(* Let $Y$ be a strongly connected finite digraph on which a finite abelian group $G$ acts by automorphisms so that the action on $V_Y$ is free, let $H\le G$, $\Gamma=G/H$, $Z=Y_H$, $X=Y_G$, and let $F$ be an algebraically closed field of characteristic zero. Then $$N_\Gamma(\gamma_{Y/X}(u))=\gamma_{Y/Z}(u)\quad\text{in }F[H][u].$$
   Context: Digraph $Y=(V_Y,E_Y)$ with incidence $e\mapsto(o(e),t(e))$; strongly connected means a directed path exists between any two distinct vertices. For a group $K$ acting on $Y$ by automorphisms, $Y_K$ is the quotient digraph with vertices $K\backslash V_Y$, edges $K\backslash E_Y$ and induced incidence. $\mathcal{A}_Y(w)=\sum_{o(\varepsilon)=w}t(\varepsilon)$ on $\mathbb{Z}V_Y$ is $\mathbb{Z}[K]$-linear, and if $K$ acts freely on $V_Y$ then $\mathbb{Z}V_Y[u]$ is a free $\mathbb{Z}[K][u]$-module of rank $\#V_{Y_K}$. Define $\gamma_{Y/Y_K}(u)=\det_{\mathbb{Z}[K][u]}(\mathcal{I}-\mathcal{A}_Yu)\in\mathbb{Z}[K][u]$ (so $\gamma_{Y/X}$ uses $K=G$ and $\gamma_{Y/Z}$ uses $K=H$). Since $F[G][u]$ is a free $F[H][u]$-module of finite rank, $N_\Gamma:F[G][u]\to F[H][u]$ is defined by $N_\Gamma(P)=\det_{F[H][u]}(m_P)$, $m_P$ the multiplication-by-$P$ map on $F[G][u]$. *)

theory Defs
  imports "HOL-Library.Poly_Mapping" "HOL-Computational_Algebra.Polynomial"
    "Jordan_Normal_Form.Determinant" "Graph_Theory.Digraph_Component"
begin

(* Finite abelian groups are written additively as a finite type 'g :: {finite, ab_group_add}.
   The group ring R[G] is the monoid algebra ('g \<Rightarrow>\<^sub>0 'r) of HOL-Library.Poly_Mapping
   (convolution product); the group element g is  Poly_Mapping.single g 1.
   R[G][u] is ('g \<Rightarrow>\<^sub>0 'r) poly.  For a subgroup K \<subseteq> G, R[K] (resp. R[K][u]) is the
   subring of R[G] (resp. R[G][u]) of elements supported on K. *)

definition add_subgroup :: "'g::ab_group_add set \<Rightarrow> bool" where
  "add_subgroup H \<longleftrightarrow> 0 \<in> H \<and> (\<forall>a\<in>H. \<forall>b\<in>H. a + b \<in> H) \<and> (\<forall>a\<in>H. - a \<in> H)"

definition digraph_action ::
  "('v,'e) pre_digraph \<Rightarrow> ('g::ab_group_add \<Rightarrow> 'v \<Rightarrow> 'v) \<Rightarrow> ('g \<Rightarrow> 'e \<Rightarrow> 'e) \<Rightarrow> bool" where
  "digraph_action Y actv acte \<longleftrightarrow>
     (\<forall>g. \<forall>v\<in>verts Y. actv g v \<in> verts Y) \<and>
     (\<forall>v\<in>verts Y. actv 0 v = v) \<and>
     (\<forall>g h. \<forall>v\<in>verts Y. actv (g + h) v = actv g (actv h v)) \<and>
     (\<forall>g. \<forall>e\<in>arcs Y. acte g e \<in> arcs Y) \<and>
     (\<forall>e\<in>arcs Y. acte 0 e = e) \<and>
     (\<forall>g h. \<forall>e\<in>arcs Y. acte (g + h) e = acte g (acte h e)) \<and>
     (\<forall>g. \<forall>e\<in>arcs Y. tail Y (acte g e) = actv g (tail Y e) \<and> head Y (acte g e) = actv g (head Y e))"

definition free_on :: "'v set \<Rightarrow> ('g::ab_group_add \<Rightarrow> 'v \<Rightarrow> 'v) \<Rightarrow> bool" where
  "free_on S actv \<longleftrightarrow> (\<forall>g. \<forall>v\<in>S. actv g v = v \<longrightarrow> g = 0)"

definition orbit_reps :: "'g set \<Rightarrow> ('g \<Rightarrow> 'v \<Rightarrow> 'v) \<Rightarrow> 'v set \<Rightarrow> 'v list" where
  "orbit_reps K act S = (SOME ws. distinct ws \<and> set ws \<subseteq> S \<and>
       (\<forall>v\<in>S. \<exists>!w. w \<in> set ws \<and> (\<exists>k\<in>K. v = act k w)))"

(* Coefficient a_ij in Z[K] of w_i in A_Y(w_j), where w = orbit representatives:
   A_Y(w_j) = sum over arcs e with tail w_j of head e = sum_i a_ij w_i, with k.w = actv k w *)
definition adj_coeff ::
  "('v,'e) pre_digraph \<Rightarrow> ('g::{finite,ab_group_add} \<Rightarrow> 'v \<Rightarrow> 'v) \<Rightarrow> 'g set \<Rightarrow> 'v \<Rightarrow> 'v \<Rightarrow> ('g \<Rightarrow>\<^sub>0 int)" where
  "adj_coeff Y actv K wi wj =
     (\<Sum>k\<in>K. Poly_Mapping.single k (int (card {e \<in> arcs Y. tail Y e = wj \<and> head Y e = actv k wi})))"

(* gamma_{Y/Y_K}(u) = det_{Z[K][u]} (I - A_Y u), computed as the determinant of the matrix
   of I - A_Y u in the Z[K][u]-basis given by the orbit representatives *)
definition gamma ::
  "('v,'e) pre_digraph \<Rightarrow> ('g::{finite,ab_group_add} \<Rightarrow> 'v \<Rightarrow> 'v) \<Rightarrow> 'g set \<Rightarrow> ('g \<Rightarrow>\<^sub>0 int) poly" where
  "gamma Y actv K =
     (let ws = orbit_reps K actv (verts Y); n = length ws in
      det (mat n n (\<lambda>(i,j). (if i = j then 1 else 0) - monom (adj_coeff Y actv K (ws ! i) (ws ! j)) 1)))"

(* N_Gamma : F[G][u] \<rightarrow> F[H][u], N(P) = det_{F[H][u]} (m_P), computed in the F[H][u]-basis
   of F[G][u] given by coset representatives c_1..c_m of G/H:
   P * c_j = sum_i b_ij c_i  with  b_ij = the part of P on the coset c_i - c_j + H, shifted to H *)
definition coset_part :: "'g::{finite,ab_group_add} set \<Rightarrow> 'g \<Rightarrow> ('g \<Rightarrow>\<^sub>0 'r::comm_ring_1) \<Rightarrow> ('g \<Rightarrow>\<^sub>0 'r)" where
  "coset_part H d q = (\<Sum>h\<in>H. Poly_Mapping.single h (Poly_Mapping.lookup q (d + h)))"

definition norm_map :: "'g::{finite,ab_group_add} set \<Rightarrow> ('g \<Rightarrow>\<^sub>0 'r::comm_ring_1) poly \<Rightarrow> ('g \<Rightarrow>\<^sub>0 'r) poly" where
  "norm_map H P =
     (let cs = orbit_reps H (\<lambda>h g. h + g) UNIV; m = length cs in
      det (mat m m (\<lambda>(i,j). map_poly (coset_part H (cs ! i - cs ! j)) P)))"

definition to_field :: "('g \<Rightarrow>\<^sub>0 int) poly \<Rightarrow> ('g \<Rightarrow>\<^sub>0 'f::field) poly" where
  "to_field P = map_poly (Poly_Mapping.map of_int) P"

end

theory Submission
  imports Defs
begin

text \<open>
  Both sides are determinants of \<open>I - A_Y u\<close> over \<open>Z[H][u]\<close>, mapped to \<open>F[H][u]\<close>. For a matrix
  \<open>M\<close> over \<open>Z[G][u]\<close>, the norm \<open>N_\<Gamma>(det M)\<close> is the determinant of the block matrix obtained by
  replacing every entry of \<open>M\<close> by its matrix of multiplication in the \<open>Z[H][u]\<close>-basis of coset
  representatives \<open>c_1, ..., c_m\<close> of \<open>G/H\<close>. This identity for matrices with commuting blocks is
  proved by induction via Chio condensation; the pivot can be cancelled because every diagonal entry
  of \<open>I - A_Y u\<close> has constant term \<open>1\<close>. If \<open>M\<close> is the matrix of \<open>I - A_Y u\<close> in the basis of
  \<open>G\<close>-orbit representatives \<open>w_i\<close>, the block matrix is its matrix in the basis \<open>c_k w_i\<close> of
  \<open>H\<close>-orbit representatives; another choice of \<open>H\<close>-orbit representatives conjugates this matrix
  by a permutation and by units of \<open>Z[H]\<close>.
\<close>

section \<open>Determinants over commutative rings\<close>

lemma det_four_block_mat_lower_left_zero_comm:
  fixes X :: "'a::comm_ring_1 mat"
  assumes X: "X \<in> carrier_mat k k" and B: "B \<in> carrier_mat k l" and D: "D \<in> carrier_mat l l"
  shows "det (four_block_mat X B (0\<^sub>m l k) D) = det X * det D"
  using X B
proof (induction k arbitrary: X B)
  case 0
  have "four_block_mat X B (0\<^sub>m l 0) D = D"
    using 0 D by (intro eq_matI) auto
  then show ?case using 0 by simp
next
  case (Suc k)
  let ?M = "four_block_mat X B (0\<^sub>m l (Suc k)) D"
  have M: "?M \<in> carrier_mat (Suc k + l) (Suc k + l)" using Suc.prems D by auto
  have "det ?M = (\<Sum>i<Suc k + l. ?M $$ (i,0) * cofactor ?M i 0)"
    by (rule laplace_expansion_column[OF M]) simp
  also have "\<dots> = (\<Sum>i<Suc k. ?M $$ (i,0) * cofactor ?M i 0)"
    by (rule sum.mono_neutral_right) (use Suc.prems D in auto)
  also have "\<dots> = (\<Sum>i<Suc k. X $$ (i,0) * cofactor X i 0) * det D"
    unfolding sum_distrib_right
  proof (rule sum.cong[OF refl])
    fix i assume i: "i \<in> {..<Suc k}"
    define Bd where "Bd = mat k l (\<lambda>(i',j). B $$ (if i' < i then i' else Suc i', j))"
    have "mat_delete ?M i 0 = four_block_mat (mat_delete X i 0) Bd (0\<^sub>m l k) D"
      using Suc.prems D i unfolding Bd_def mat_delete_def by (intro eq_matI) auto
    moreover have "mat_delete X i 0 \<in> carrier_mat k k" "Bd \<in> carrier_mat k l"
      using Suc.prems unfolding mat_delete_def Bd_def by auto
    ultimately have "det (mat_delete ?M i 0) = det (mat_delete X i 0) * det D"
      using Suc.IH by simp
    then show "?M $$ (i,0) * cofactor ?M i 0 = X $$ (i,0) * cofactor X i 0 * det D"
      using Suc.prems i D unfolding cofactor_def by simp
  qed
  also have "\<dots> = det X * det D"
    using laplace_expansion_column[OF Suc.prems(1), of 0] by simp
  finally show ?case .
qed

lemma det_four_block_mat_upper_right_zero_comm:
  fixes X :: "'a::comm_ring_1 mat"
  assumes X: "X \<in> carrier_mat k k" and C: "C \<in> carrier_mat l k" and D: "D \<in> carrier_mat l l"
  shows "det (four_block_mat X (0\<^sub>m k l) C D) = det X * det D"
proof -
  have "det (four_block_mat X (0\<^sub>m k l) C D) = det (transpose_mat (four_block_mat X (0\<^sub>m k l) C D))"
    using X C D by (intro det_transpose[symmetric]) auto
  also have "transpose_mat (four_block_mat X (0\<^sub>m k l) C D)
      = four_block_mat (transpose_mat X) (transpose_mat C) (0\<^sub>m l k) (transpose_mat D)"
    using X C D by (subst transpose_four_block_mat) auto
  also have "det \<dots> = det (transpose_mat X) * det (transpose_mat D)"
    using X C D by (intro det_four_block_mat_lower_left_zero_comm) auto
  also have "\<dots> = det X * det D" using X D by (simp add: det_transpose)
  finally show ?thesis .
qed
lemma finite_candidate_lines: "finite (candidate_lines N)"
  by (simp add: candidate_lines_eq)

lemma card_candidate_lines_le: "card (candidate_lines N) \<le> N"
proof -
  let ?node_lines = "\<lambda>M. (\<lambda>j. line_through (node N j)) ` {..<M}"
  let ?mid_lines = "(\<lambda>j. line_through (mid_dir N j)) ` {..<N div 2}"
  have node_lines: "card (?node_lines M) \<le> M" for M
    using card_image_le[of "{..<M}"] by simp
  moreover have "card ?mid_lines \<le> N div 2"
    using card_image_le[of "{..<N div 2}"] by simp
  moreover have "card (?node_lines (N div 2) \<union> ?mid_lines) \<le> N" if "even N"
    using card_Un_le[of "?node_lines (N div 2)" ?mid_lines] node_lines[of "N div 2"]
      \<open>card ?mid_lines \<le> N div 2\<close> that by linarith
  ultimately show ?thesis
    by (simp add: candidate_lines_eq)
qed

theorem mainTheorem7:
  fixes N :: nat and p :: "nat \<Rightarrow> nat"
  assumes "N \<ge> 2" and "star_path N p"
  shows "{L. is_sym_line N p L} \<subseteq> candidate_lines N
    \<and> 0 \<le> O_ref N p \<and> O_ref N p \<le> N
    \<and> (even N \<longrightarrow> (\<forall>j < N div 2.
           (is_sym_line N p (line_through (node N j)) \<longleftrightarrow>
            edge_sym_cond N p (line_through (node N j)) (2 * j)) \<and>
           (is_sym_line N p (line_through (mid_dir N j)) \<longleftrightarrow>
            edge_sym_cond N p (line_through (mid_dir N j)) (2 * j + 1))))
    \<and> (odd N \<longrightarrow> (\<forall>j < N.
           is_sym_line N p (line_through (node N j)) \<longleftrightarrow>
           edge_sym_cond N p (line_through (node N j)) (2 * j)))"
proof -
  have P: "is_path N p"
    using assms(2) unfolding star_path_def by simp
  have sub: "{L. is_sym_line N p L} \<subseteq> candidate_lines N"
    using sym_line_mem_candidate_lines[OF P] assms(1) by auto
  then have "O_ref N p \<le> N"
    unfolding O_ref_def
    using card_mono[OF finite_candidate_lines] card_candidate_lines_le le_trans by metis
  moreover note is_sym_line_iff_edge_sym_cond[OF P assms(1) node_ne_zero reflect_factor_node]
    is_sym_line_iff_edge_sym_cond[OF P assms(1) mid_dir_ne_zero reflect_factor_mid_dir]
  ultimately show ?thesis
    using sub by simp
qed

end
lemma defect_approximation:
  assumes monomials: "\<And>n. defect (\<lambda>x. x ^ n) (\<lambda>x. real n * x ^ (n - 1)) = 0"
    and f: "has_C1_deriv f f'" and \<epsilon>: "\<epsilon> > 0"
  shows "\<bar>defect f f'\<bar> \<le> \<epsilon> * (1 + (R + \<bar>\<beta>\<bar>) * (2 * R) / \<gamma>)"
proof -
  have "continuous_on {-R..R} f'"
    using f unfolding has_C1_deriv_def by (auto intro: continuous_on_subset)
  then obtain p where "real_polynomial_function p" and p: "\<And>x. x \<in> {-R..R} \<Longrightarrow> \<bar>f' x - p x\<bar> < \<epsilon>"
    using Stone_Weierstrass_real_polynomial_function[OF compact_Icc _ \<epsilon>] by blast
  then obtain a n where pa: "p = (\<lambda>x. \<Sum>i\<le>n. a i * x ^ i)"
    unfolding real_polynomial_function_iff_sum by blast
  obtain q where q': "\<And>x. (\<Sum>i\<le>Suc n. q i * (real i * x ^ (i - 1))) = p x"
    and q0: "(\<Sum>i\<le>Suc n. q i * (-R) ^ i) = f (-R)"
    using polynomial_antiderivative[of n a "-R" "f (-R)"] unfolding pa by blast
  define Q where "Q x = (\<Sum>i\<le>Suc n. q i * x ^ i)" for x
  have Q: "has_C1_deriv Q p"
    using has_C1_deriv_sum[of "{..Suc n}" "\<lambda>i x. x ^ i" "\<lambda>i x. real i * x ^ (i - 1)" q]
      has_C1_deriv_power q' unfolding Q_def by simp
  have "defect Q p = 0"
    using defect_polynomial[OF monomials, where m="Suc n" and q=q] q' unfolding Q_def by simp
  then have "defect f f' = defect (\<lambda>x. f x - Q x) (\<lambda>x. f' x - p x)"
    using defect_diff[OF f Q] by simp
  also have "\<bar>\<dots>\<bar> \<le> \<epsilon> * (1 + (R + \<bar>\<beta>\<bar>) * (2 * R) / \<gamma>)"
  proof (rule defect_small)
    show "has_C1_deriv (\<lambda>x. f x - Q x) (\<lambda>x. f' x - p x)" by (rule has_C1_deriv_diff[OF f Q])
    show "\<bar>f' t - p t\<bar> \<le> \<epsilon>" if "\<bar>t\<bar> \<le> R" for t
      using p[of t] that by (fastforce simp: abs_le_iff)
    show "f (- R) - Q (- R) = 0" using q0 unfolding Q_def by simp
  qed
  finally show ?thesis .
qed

▶ PROBLEM DETAILS
All the lines that hold the word "assumes" must appear in the answer, copied from the records.

▶ FINISHED TASK
  assumes X: "X \<in> carrier_mat k k" and B: "B \<in> carrier_mat k l" and D: "D \<in> carrier_mat l l"
  assumes X: "X \<in> carrier_mat k k" and C: "C \<in> carrier_mat l k" and D: "D \<in> carrier_mat l l"
  assumes "N \<ge> 2" and "star_path N p"
  assumes monomials: "\<And>n. defect (\<lambda>x. x ^ n) (\<lambda>x. real n * x ^ (n - 1)) = 0"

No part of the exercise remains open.